*How to complete this task*.
Would you count the lines in the material below that include the string "rule"? Only the number is needed.

*Data shown*.
lemma Omega_subseq_limit_eq_SUP:
  fixes Ks :: "nat \<Rightarrow> 'a::euclidean_space set"
  assumes lim: "subseq_limit Ks L"
    and Ks: "\<And>i. compact (Ks i)" "\<And>i. convex (Ks i)" "\<And>i. Ks i \<noteq> {}"
    and mono: "incseq (\<lambda>i. Omega (Ks i))"
  shows "Omega L = (SUP i\<in>{1..}. Omega (Ks i))"
proof -
  have L: "compact L"
    using lim by (simp add: subseq_limit_def)
  have close: "\<exists>j\<ge>i. Ks j \<subseteq> cthickening L e \<and> L \<subseteq> cthickening (Ks j) e" if "e > 0" for e i
    using subseq_limit_frequently_close[OF lim Ks(1,3) that] .
  have "convex L"
    using close Ks(2) by (intro convex_if_cthickening_approximations compact_imp_closed L) blast
  have upper: "Omega (Ks i) \<le> Omega L" for i
    using close Ks(1) mono by (intro Omega_ge_if_inside_cthickenings L) (meson incseqD)
  then have bdd: "bdd_above ((\<lambda>i. Omega (Ks i)) ` {1..})"
    by (rule bdd_aboveI2)
  have "Omega L \<le> (SUP i\<in>{1..}. Omega (Ks i))"
  proof (rule Omega_le_if_cthickening_covers[OF L \<open>convex L\<close>])
    fix e :: real assume "e > 0"
    then obtain j where "j \<ge> 1" "L \<subseteq> cthickening (Ks j) e"
      using close by blast
    then show "\<exists>K. compact K \<and> convex K \<and> L \<subseteq> cthickening K e \<and> Omega K \<le> (SUP i\<in>{1..}. Omega (Ks i))"
      using Ks cSUP_upper[OF _ bdd] by fastforce
  qed
  moreover have "(SUP i\<in>{1..}. Omega (Ks i)) \<le> Omega L"
    using upper by (intro cSUP_least) auto
  ultimately show ?thesis
    by (rule antisym)
qed

theorem proposition4p2:
  fixes K L :: "'a::euclidean_space set" and u :: "nat \<Rightarrow> 'a"
  assumes "compact K" and "convex K" and "K \<noteq> {}"
    and "\<And>i. norm (u i) = 1"
    and "subseq_limit (steiner_process u K) L"
  shows "Omega L = (SUP i\<in>{1..}. Omega (steiner_process u K i))"
proof (rule Omega_subseq_limit_eq_SUP[OF assms(5)])
  show "compact (steiner_process u K i)" "convex (steiner_process u K i)" "steiner_process u K i \<noteq> {}"
    for i
    using steiner_process_compact_convex[of K u i] assms(1-4) by simp_all
  show "incseq (\<lambda>i. Omega (steiner_process u K i))"
    using Omega_steiner_process_mono[of K u] assms(1-4) by simp
qed

end
lemma hermitian_op_cscalar_prod:
  assumes h: "hermitian_op N A" and u: "u \<in> carrier_vec N" and w: "w \<in> carrier_vec N"
  shows "(A *\<^sub>v u) \<bullet>c w = u \<bullet>c (A *\<^sub>v w)"
proof -
  have c: "A \<in> carrier_mat N N" using h hermitian_op_carrier by auto
  have "(A *\<^sub>v u) \<bullet>c w = (\<Sum>i<N. \<Sum>k<N. A $$ (i, k) * u $ k * cnj (w $ i))"
    using c u w by (simp add: cscalar_prod_sum_carrier scalar_prod_def lessThan_atLeast0 sum_distrib_right)
  also have "\<dots> = (\<Sum>k<N. \<Sum>i<N. A $$ (i, k) * u $ k * cnj (w $ i))"
    by (rule sum.swap)
  also have "\<dots> = (\<Sum>k<N. u $ k * cnj (\<Sum>i<N. A $$ (k, i) * w $ i))"
    by (auto intro!: sum.cong simp: sum_distrib_left hermitian_op_cnj[OF h] mult_ac)
  also have "\<dots> = u \<bullet>c (A *\<^sub>v w)"
    using c u w by (simp add: cscalar_prod_sum_carrier scalar_prod_def lessThan_atLeast0)
  finally show ?thesis .
qed

lemma hermitian_op_eigenvalue_real:
  assumes h: "hermitian_op N A" and v: "v \<in> carrier_vec N" "v \<noteq> 0\<^sub>v N"
    and e: "A *\<^sub>v v = x \<cdot>\<^sub>v v"
  shows "cnj x = x"
proof -
  have "x * (v \<bullet>c v) = (A *\<^sub>v v) \<bullet>c v" using e v by (simp add: cscalar_prod_smult_left)
  also have "\<dots> = v \<bullet>c (A *\<^sub>v v)" using hermitian_op_cscalar_prod[OF h v(1) v(1)] .
  also have "\<dots> = cnj x * (v \<bullet>c v)" using e v by (simp add: cscalar_prod_smult_right)
  finally show ?thesis using v by simp
qed

lemma hermitian_op_eigenvectors_orthogonal:
  assumes h: "hermitian_op N A" and u: "u \<in> carrier_vec N" and w: "w \<in> carrier_vec N"
    and eu: "A *\<^sub>v u = a \<cdot>\<^sub>v u" and ew: "A *\<^sub>v w = b \<cdot>\<^sub>v w" and b: "cnj b = b" and ab: "a \<noteq> b"
  shows "u \<bullet>c w = 0"
proof -
  have "a * (u \<bullet>c w) = (A *\<^sub>v u) \<bullet>c w" using eu u w by (simp add: cscalar_prod_smult_left)
  also have "\<dots> = u \<bullet>c (A *\<^sub>v w)" using hermitian_op_cscalar_prod[OF h u w] .
  also have "\<dots> = b * (u \<bullet>c w)" using ew u w b by (simp add: cscalar_prod_smult_right)
  finally show ?thesis using ab by simp
qed

lemma hermitian_op_spectrum:
  assumes h: "hermitian_op N A"
  shows "finite {x. eigenvalue A x}" and "eigenvalue A a \<Longrightarrow> cnj a = a"
proof -
  have A: "A \<in> carrier_mat N N" using h hermitian_op_carrier by auto
  have "char_poly A \<noteq> 0" using degree_monic_char_poly[OF A] by auto
  then show "finite {x. eigenvalue A x}"
    using poly_roots_finite eigenvalue_root_char_poly[OF A] by simp
  assume "eigenvalue A a"
  then obtain v where "v \<in> carrier_vec N" "v \<noteq> 0\<^sub>v N" "A *\<^sub>v v = a \<cdot>\<^sub>v v"
    using A unfolding eigenvalue_def eigenvector_def by auto
  then show "cnj a = a" using hermitian_op_eigenvalue_real[OF h] by blast
qed

section \<open>Spectral decomposition of Hermitian matrices\<close>

definition vec_sum :: "nat \<Rightarrow> 'b set \<Rightarrow> ('b \<Rightarrow> complex vec) \<Rightarrow> complex vec" where
  "vec_sum n S g = vec n (\<lambda>i. \<Sum>a\<in>S. g a $ i)"

lemma vec_sum_carrier [simp]: "vec_sum n S g \<in> carrier_vec n"
  and dim_vec_sum [simp]: "dim_vec (vec_sum n S g) = n"
  unfolding vec_sum_def by auto

lemma index_vec_sum [simp]: "i < n \<Longrightarrow> vec_sum n S g $ i = (\<Sum>a\<in>S. g a $ i)"
  unfolding vec_sum_def by auto

lemma vec_sum_cong: "(\<And>a. a \<in> S \<Longrightarrow> g a = h a) \<Longrightarrow> vec_sum n S g = vec_sum n S h"
  unfolding vec_sum_def by (auto intro!: eq_vecI sum.cong)

lemma mult_mat_vec_sum:
  assumes M: "M \<in> carrier_mat n n" and g: "\<And>a. a \<in> S \<Longrightarrow> g a \<in> carrier_vec n"
  shows "M *\<^sub>v vec_sum n S g = vec_sum n S (\<lambda>a. M *\<^sub>v g a)"
proof (rule eq_vecI)
  fix i assume "i < dim_vec (vec_sum n S (\<lambda>a. M *\<^sub>v g a))"
  then have i: "i < n" by simp
  have "(M *\<^sub>v vec_sum n S g) $ i = (\<Sum>k<n. M $$ (i, k) * (\<Sum>a\<in>S. g a $ k))"
    using M i by (simp add: scalar_prod_def lessThan_atLeast0)
  also have "\<dots> = (\<Sum>a\<in>S. \<Sum>k<n. M $$ (i, k) * g a $ k)"
    by (simp add: sum_distrib_left sum.swap[of _ S])
  also have "\<dots> = vec_sum n S (\<lambda>a. M *\<^sub>v g a) $ i"
  proof -
    have "dim_vec (g a) = n" if "a \<in> S" for a using g[OF that] by auto
    then show ?thesis
      using i M by (auto intro!: sum.cong simp: scalar_prod_def lessThan_atLeast0)
  qed
  finally show "(M *\<^sub>v vec_sum n S g) $ i = vec_sum n S (\<lambda>a. M *\<^sub>v g a) $ i" .
qed (use M in auto)

lemma vec_sum_cscalar_prod_left:
  assumes w: "w \<in> carrier_vec n"
  shows "vec_sum n S g \<bullet>c w = (\<Sum>a\<in>S. g a \<bullet>c w)"
proof -
  have "vec_sum n S g \<bullet>c w = (\<Sum>a\<in>S. \<Sum>i<n. g a $ i * cnj (w $ i))"
    using w by (simp add: cscalar_prod_sum_carrier sum_distrib_right sum.swap[of _ S])
  also have "\<dots> = (\<Sum>a\<in>S. g a \<bullet>c w)"
    using w by (simp add: cscalar_prod_sum_carrier)
  finally show ?thesis .
qed

lemma vec_sum_cscalar_prod_right:
  assumes g: "\<And>a. a \<in> S \<Longrightarrow> g a \<in> carrier_vec n"
  shows "v \<bullet>c vec_sum n S g = (\<Sum>a\<in>S. v \<bullet>c g a)"
proof -
  have "v \<bullet>c vec_sum n S g = (\<Sum>a\<in>S. \<Sum>i<n. v $ i * cnj (g a $ i))"
    by (simp add: cscalar_prod_sum cnj_sum sum_distrib_left sum.swap[of _ S])
  also have "\<dots> = (\<Sum>a\<in>S. v \<bullet>c g a)"
    by (rule sum.cong[OF refl]) (simp add: cscalar_prod_sum_carrier[OF g])
  finally show ?thesis .
qed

*Exercise response*.
7